The behavior of Xi Jinping over the past three years, though, has raised questions whether these norms are durable. Xi has assumed positions within the Chinese government once shared by fellow leaders and has weakened Li Keqiang, his prime minister, by denying him the office’s traditional stewardship of economic policy. Xi has abetted and re-established a cult of personality, something explicitly discouraged in China after the Maoist era, by encouraging the singing of songs in his name. And, as the Wall Street Journal recently reported, there are questions that Xi may not name a successor at this fall’s 19th Party Congress in order to continue as president beyond the customary 10-year term.

The Consequences of Democracy's Decline

China, for what it’s worth, has never claimed that its system of government was universally applicable. In contrast to the United States or the Soviet Union, Beijing has never tried to install its system in a foreign country by force. Even still, democracy’s decline may prove advantageous to China in other ways. For one, it would weaken the democratic movement in Hong Kong, which has vied with pro-Beijing elements for political control of the Chinese territory, and deter would-be Chinese dissidents from challenging Communist Party rule on the mainland.
In addition, Klaas argues, the American absence of support for democracy leaves a vacuum in emerging states that Washington’s geopolitical rivals in Moscow and Beijing might fill.
“The ‘America First’ mentality, or the mentality that it’s not our business, makes the mistake that thinking that the withdrawal of Western influence means there’s self-determination,” says Klaas. “ [But what it means is] that China and Russia control things.
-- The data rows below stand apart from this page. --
lemma nn_integral_coef_pairing_fine_increment_sq:
  assumes BM: "indep_BMs M \<beta>" and DT: "0 < DT" and J: "1 \<le> J"
  shows "(\<integral>\<^sup>+\<omega>. ennreal ((s * coef_pairing K J c (fine_increment DT J (\<beta> p) \<omega>))^2) \<partial>M)
    = ennreal (s^2 * (DT / real J) * (\<Sum>a<K. \<Sum>b<J. (c a b)^2))"
proof -
  interpret prob_space M
    using BM by (simp add: indep_BMs_def)
  define dt where "dt = DT / real J"
  define X where "X i \<omega> = \<beta> p (real (Suc i) * dt) \<omega> - \<beta> p (real i * dt) \<omega>" for i \<omega>
  have dt: "0 < dt"
    using DT J by (simp add: dt_def)
  have grid: "indep_vars (\<lambda>_. borel) (\<lambda>(q, i) \<omega>. \<beta> q (real (Suc i) * dt) \<omega> - \<beta> q (real i * dt) \<omega>) (UNIV \<times> {..<K * J})
      \<and> (\<forall>q. \<forall>i<K * J. distributed M lborel (\<lambda>\<omega>. \<beta> q (real (Suc i) * dt) \<omega> - \<beta> q (real i * dt) \<omega>)
          (\<lambda>x. ennreal (normal_density 0 (sqrt (real (Suc i) * dt - real i * dt)) x)))"
    using dt
    by (intro BM[unfolded indep_BMs_def, THEN conjunct2, THEN conjunct2, THEN conjunct2, rule_format,
          where m = "K * J" and t = "\<lambda>i. real i * dt"]) (auto simp: distrib_right)
  have indep: "indep_var borel (X i) borel (X j)" if "i < K * J" "j < K * J" "i \<noteq> j" for i j
  proof -
    have "indep_vars (\<lambda>_. borel) (\<lambda>(q, i) \<omega>. \<beta> q (real (Suc i) * dt) \<omega> - \<beta> q (real i * dt) \<omega>) {(p, i), (p, j)}"
      using grid that by (auto intro: indep_vars_subset)
    from indep_vars_sum[OF _ _ this] that show ?thesis
      by (simp add: X_def[abs_def])
  qed
  have normal: "distributed M lborel (X i) (normal_density 0 (sqrt dt))" if "i < K * J" for i
    using grid that by (simp add: X_def[abs_def] distrib_right)
  have "fine_increment DT J (\<beta> p) \<omega> a b = X (a * J + b) \<omega>" if "b < J" for a b \<omega>
    using J by (simp add: fine_increment_def X_def dt_def field_simps)
  then have "s * coef_pairing K J c (fine_increment DT J (\<beta> p) \<omega>)
      = (\<Sum>i<K * J. s * c (i div J) (i mod J) * X i \<omega>)" for \<omega>
    using J by (simp add: coef_pairing_def sum_lessThan_mult sum_distrib_left mult.assoc)
  moreover have "(\<Sum>i<K * J. (s * c (i div J) (i mod J))^2) = s^2 * (\<Sum>a<K. \<Sum>b<J. (c a b)^2)"
    using J by (simp add: sum_lessThan_mult sum_distrib_left power_mult_distrib)
  ultimately show ?thesis
    using nn_integral_weighted_sum_sq_indep_normal[of "{..<K * J}" X "sqrt dt" "\<lambda>i. s * c (i div J) (i mod J)"]
      indep normal dt by (simp add: dt_def mult_ac)
qed

lemma mean_sq_err_eq_suminf:
  assumes BM: "indep_BMs M \<beta>" and J: "1 \<le> J" and DT: "0 < DT"
  shows "mean_sq_err M abar DT J \<beta> k n = (\<Sum>p. ennreal (gam abar (Suc p) * (DT / real J)
    * (\<Sum>a<n. \<Sum>b<J. (mode_err_coef (DT * lam (Suc p)) J k n a b)^2)))"
proof -
  have [measurable]: "\<beta> p t \<in> borel_measurable M" for p t
    using BM by (simp add: indep_BMs_def)
  have "mean_sq_err M abar DT J \<beta> k n = (\<integral>\<^sup>+\<omega>. (\<Sum>p. ennreal ((sqrt (gam abar (Suc p))
      * coef_pairing n J (mode_err_coef (DT * lam (Suc p)) J k n) (fine_increment DT J (\<beta> (Suc p)) \<omega>))^2)) \<partial>M)"
    by (simp add: mean_sq_err_def Hnorm2_def err_eq_coef_pairing[OF J])
  also have "\<dots> = (\<Sum>p. \<integral>\<^sup>+\<omega>. ennreal ((sqrt (gam abar (Suc p))
      * coef_pairing n J (mode_err_coef (DT * lam (Suc p)) J k n) (fine_increment DT J (\<beta> (Suc p)) \<omega>))^2) \<partial>M)"
    by (rule nn_integral_suminf) (simp add: coef_pairing_def fine_increment_def)
  also have "\<dots> = (\<Sum>p. ennreal (gam abar (Suc p) * (DT / real J)
      * (\<Sum>a<n. \<Sum>b<J. (mode_err_coef (DT * lam (Suc p)) J k n a b)^2)))"
    by (simp add: nn_integral_coef_pairing_fine_increment_sq[OF BM DT J] gam_def)
  finally show ?thesis .
qed

lemma mode_mean_sq_err_le:
  fixes DT \<alpha> abar :: real and J k n p :: nat
  assumes DT: "0 < DT" and J: "1 \<le> J" and p: "0 < p" and \<alpha>: "0 < \<alpha>" "\<alpha> \<le> real k + 1"
  shows "gam abar p * (DT / real J) * (\<Sum>a<n. \<Sum>b<J. (mode_err_coef (DT * lam p) J k n a b)^2)
    \<le> DT powr (2 * \<alpha>) * (34 * 4^k * lam p powr (2 * (\<alpha> - abar) - 1/2))"
proof -
  define x where "x = DT * lam p"
  define \<mu> where "\<mu> = min x (1/x)"
  have lam: "0 < lam p"
    using p by (simp add: lam_def)
  then have x: "0 < x"
    using DT by (simp add: x_def)
  then have \<mu>: "0 \<le> \<mu>"
    by (simp add: \<mu>_def)
  have "(\<Sum>a<n. \<Sum>b<J. (mode_err_coef x J k n a b)^2) = (coef_norm n J (mode_err_coef x J k n))^2"
    by (simp add: coef_norm_eq_sqrt_sum sum_nonneg)
  also have "\<dots> \<le> ((2 * \<mu>)^k * sqrt (34 * real J * \<mu>))^2"
    using coef_norm_err_coef_le[OF x J, of n k n] by (intro power_mono) (simp_all add: \<mu>_def coef_norm_def)
  also have "\<dots> = (2 * \<mu>)^(2 * k) * (34 * real J * \<mu>)"
    using \<mu> by (simp only: power_mult_distrib power_even_eq real_sqrt_pow2 mult_nonneg_nonneg
        zero_le_numeral of_nat_0_le_iff)
  also have "\<dots> = 34 * real J * 4^k * \<mu>^(2 * k + 1)"
    by (simp add: power_mult_distrib power_mult power_add)
  finally have sum_le: "(\<Sum>a<n. \<Sum>b<J. (mode_err_coef x J k n a b)^2) \<le> 34 * real J * 4^k * \<mu>^(2 * k + 1)" .
  have "\<mu>^(2 * k + 1) \<le> x powr (2 * \<alpha> - 1)"
    unfolding \<mu>_def using \<alpha> by (intro min_inverse_power_le_powr[OF x]) auto
  then have "gam abar p * (DT / real J) * (\<Sum>a<n. \<Sum>b<J. (mode_err_coef x J k n a b)^2)
      \<le> gam abar p * (DT / real J) * (34 * real J * 4^k * x powr (2 * \<alpha> - 1))"
    using sum_le DT by (intro mult_left_mono order_trans[OF sum_le]) (auto simp: gam_def)
  also have "\<dots> = 34 * 4^k * (DT * DT powr (2 * \<alpha> - 1)) * (lam p powr (1/2 - 2 * abar) * lam p powr (2 * \<alpha> - 1))"
    using DT J lam by (simp add: gam_def x_def powr_mult field_simps)
  also have "\<dots> = DT powr (2 * \<alpha>) * (34 * 4^k * lam p powr (2 * (\<alpha> - abar) - 1/2))"
  proof -
    have "DT * DT powr (2 * \<alpha> - 1) = DT powr (2 * \<alpha>)"
      using powr_add[of DT 1 "2 * \<alpha> - 1"] DT by simp
    moreover have "lam p powr (1/2 - 2 * abar) * lam p powr (2 * \<alpha> - 1) = lam p powr (2 * (\<alpha> - abar) - 1/2)"
      by (simp add: algebra_simps flip: powr_add)
    ultimately show ?thesis by simp
  qed
  finally show ?thesis
    unfolding x_def .
qed

lemma summable_lam_powr:
  assumes "q < -1/2"
  shows "summable (\<lambda>p. lam (Suc p) powr q)"
proof -
  have "lam (Suc p) powr q = pi powr (2 * q) * real (Suc p) powr (2 * q)" for p
  proof -
    have "lam (Suc p) = (pi * real (Suc p)) powr 2"
      by (simp add: lam_def powr_realpow)
    then show ?thesis
      by (simp only: powr_powr powr_mult pi_ge_zero of_nat_0_le_iff mult.commute[of 2 q])
  qed
  moreover have "summable (\<lambda>p. real (Suc p) powr (2 * q))"
    using assms summable_real_powr_iff[of "2 * q"] summable_Suc_iff[of "\<lambda>p. real p powr (2 * q)"] by simp
  ultimately show ?thesis
    by (simp add: summable_mult)
qed

lemma mean_sq_err_le_powr:
  fixes abar \<alpha> :: real and k :: nat
  assumes \<alpha>: "0 < \<alpha>" "\<alpha> \<le> real k + 1" "\<alpha> < abar"
  shows "\<exists>C>0. \<forall>DT J (M::'a measure) \<beta> n. 0 < DT \<longrightarrow> 1 \<le> J \<longrightarrow> indep_BMs M \<beta> \<longrightarrow>
    mean_sq_err M abar DT J \<beta> k n \<le> ennreal ((C * DT powr \<alpha>)^2)"
proof -
  define f where "f p = 34 * 4^k * lam (Suc p) powr (2 * (\<alpha> - abar) - 1/2)" for p
  have "summable (\<lambda>p. lam (Suc p) powr (2 * (\<alpha> - abar) - 1/2))"
    using \<alpha> by (intro summable_lam_powr) simp
  then have "summable f"
    unfolding f_def by (rule summable_mult)
  moreover have "0 \<le> f p" for p
    by (simp add: f_def)
  ultimately have f: "summable f" "\<And>p. 0 \<le> f p" .
  define C where "C = sqrt (suminf f) + 1"
  have "0 \<le> suminf f"
    using suminf_nonneg[OF f] .
  then have C: "0 < C" and C_sq: "suminf f \<le> C^2"
    by (simp_all add: C_def add_pos_nonneg power2_eq_square algebra_simps)
  have "mean_sq_err M abar DT J \<beta> k n \<le> ennreal ((C * DT powr \<alpha>)^2)"
    if DT: "0 < DT" and J: "1 \<le> J" and BM: "indep_BMs M \<beta>" for DT J M \<beta> n
  proof -
    have mode: "ennreal (gam abar (Suc p) * (DT / real J)
        * (\<Sum>a<n. \<Sum>b<J. (mode_err_coef (DT * lam (Suc p)) J k n a b)^2)) \<le> ennreal (DT powr (2 * \<alpha>) * f p)"
      for p
      unfolding f_def by (intro ennreal_leI mode_mean_sq_err_le[OF DT J zero_less_Suc \<alpha>(1,2)])
    have "mean_sq_err M abar DT J \<beta> k n \<le> (\<Sum>p. ennreal (DT powr (2 * \<alpha>) * f p))"
      unfolding mean_sq_err_eq_suminf[OF BM J DT] by (intro suminf_le mode summableI)
    also have "\<dots> = ennreal (\<Sum>p. DT powr (2 * \<alpha>) * f p)"
      using f by (intro suminf_ennreal2 summable_mult) auto
    also have "(\<Sum>p. DT powr (2 * \<alpha>) * f p) = DT powr (2 * \<alpha>) * suminf f"
      by (rule suminf_mult[OF f(1)])
    also have "\<dots> \<le> ennreal ((C * DT powr \<alpha>)^2)"
    proof (rule ennreal_leI)
      have "(C * DT powr \<alpha>)^2 = C^2 * DT powr (2 * \<alpha>)"
        by (simp only: power_mult_distrib power2_eq_square[of "DT powr \<alpha>"] mult_2 powr_add)
      then show "DT powr (2 * \<alpha>) * suminf f \<le> (C * DT powr \<alpha>)^2"
        using C_sq by (simp add: mult.commute mult_right_mono)
    qed
    finally show ?thesis .
  qed
  with C show ?thesis
    by blast
qed
definition eulerian :: "nat \<Rightarrow> nat \<Rightarrow> nat" where
  "eulerian n k = card {\<sigma>. \<sigma> permutes {1..n} \<and> ascents n \<sigma> = k}"

end

(*
  Inserting n + 1 into a permutation of {1..n} right after position s in {0..n} creates a new
  ascent unless s = 0 or s is an ascent.  This gives the recurrence
  A(n+1,k) = (k+1) A(n,k) + (n+1-k) A(n,k-1) and hence the explicit formula
  A(n,k) = sum_{j<=k} (-1)^j C(n+1,j) (k+1-j)^n.  Summing exponential series termwise, the
  alternating sum a_k = sum_n (-1)^n A(n,k) / n! is the k-th coefficient of
  G(t) = (1-t) e^(t-1) / (1 - t e^(t-1)).  The reciprocal (e^(1-t) - t) / (1-t) has constant
  coefficient e and n-th coefficient e (sum_{i<=n} (-1)^i / i! - 1/e), of size at most
  e / (n+1)!, so at radius 6/5 its constant term dominates all others together; comparing
  coefficients in G (1/G) = 1 then yields |a_k| <= |a_0| (5/6)^k.
*)

theory Submission
  imports Defs "HOL-Computational_Algebra.Formal_Power_Series"
begin

unbundle fps_syntax

section \<open>Inserting the largest element\<close>

definition insert_max :: "nat \<Rightarrow> (nat \<Rightarrow> nat) \<Rightarrow> nat \<Rightarrow> nat \<Rightarrow> nat" where
  "insert_max n \<tau> s i =
     (if i \<le> s then \<tau> i else if i = Suc s then Suc n else if i \<le> Suc n then \<tau> (i - 1) else i)"

definition ascent_set :: "nat \<Rightarrow> (nat \<Rightarrow> nat) \<Rightarrow> nat set" where
  "ascent_set n \<sigma> = {i \<in> {1..<n}. \<sigma> i < \<sigma> (Suc i)}"

lemma ascents_eq_card_ascent_set: "ascents n \<sigma> = card (ascent_set n \<sigma>)"
  by (simp add: ascents_def ascent_set_def)

lemma permutes_interval_le:
  fixes i n :: nat
  assumes "\<tau> permutes {1..n}" "i \<le> n"
  shows "\<tau> i \<le> n"
  using assms permutes_in_image[OF assms(1), of i] permutes_not_in[OF assms(1), of i]
  by (cases "i = 0") auto

lemma insert_max_apply:
  "i \<noteq> Suc s \<Longrightarrow> i \<le> Suc n \<Longrightarrow> insert_max n \<tau> s i = \<tau> (if i \<le> s then i else i - 1)"
  by (simp add: insert_max_def)

lemma insert_max_eq_Suc_iff:
  assumes "\<tau> permutes {1..n}" "s \<le> n" "i \<le> Suc n"
  shows "insert_max n \<tau> s i = Suc n \<longleftrightarrow> i = Suc s"
proof -
  have "\<tau> (if i \<le> s then i else i - 1) \<le> n"
    by (rule permutes_interval_le[OF assms(1)]) (use assms in auto)
  then show ?thesis
    using assms insert_max_apply[of i s n \<tau>] by (auto simp: insert_max_def)
qed

lemma insert_max_permutes:
  assumes \<tau>: "\<tau> permutes {1..n}" and "s \<le> n"
  shows "insert_max n \<tau> s permutes {1..Suc n}"
proof (rule bij_imp_permutes)
  let ?\<sigma> = "insert_max n \<tau> s"
  have "inj_on ?\<sigma> {1..Suc n}"
  proof (rule inj_onI)
    fix i j assume i: "i \<in> {1..Suc n}" and j: "j \<in> {1..Suc n}" and eq: "?\<sigma> i = ?\<sigma> j"
    show "i = j"
    proof (cases "i = Suc s \<or> j = Suc s")
      case True
      have "i = Suc s \<longleftrightarrow> ?\<sigma> i = Suc n"
        using i by (intro insert_max_eq_Suc_iff[OF \<tau> \<open>s \<le> n\<close>, symmetric]) simp
      also have "\<dots> \<longleftrightarrow> j = Suc s"
        using j by (simp only: eq, intro insert_max_eq_Suc_iff[OF \<tau> \<open>s \<le> n\<close>]) simp
      finally show ?thesis
        using True by auto
    next
      case False
      then have "\<tau> (if i \<le> s then i else i - 1) = \<tau> (if j \<le> s then j else j - 1)"
        using eq i j by (simp add: insert_max_apply)
      then have "(if i \<le> s then i else i - 1) = (if j \<le> s then j else j - 1)"
        using permutes_inj[OF \<tau>] by (simp add: inj_eq)
      then show ?thesis
        using False i j by (simp split: if_splits)
    qed
  qed
  moreover have sub: "?\<sigma> ` {1..Suc n} \<subseteq> {1..Suc n}"
  proof (intro image_subsetI)
    fix i assume i: "i \<in> {1..Suc n}"
    show "?\<sigma> i \<in> {1..Suc n}"
    proof (cases "i = Suc s")
      case False
      define j where "j = (if i \<le> s then i else i - 1)"
      have "?\<sigma> i = \<tau> j"
        using False i by (simp add: insert_max_apply j_def)
      moreover have "j \<in> {1..n}"
        using False i \<open>s \<le> n\<close> by (auto simp: j_def)
      then have "\<tau> j \<in> {1..n}"
        by (rule permutes_in_image[OF \<tau>, THEN iffD2])
      ultimately show ?thesis
        by simp
    qed (simp add: insert_max_def)
  qed
  ultimately show "bij_betw ?\<sigma> {1..Suc n} {1..Suc n}"
    using endo_inj_surj[OF _ sub] by (simp add: bij_betw_def)
  show "?\<sigma> i = i" if "i \<notin> {1..Suc n}" for i
    using that \<open>s \<le> n\<close> permutes_not_in[OF \<tau>, of i] by (auto simp: insert_max_def)
qed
It’s not something where if the West leaves, then, say, Malawi will be free to choose. It’s a global foreign policy battle, and the West’s losses are China's and Russia’s gains.”
Before the U.S. can promote democracy overseas, though the country may need to firm up support for it at home. A Harvard study conducted in November found that just 19 percent of American millennials believe that a military takeover is not legitimate in democracy compared to 45 percent of those older. 26 percent of millennials likewise feel that choosing leaders through free elections is “unimportant,” a sentiment shared by just 14 percent of Baby Boomers.
“A lot of people growing up now don’t understand what it’s like not to live in a free society in the West,” says Klaas. “That, combined with the "end of history," assumed that democracy is the natural way of things.
“In fact, democracy is the least organic and least natural way we’ve had."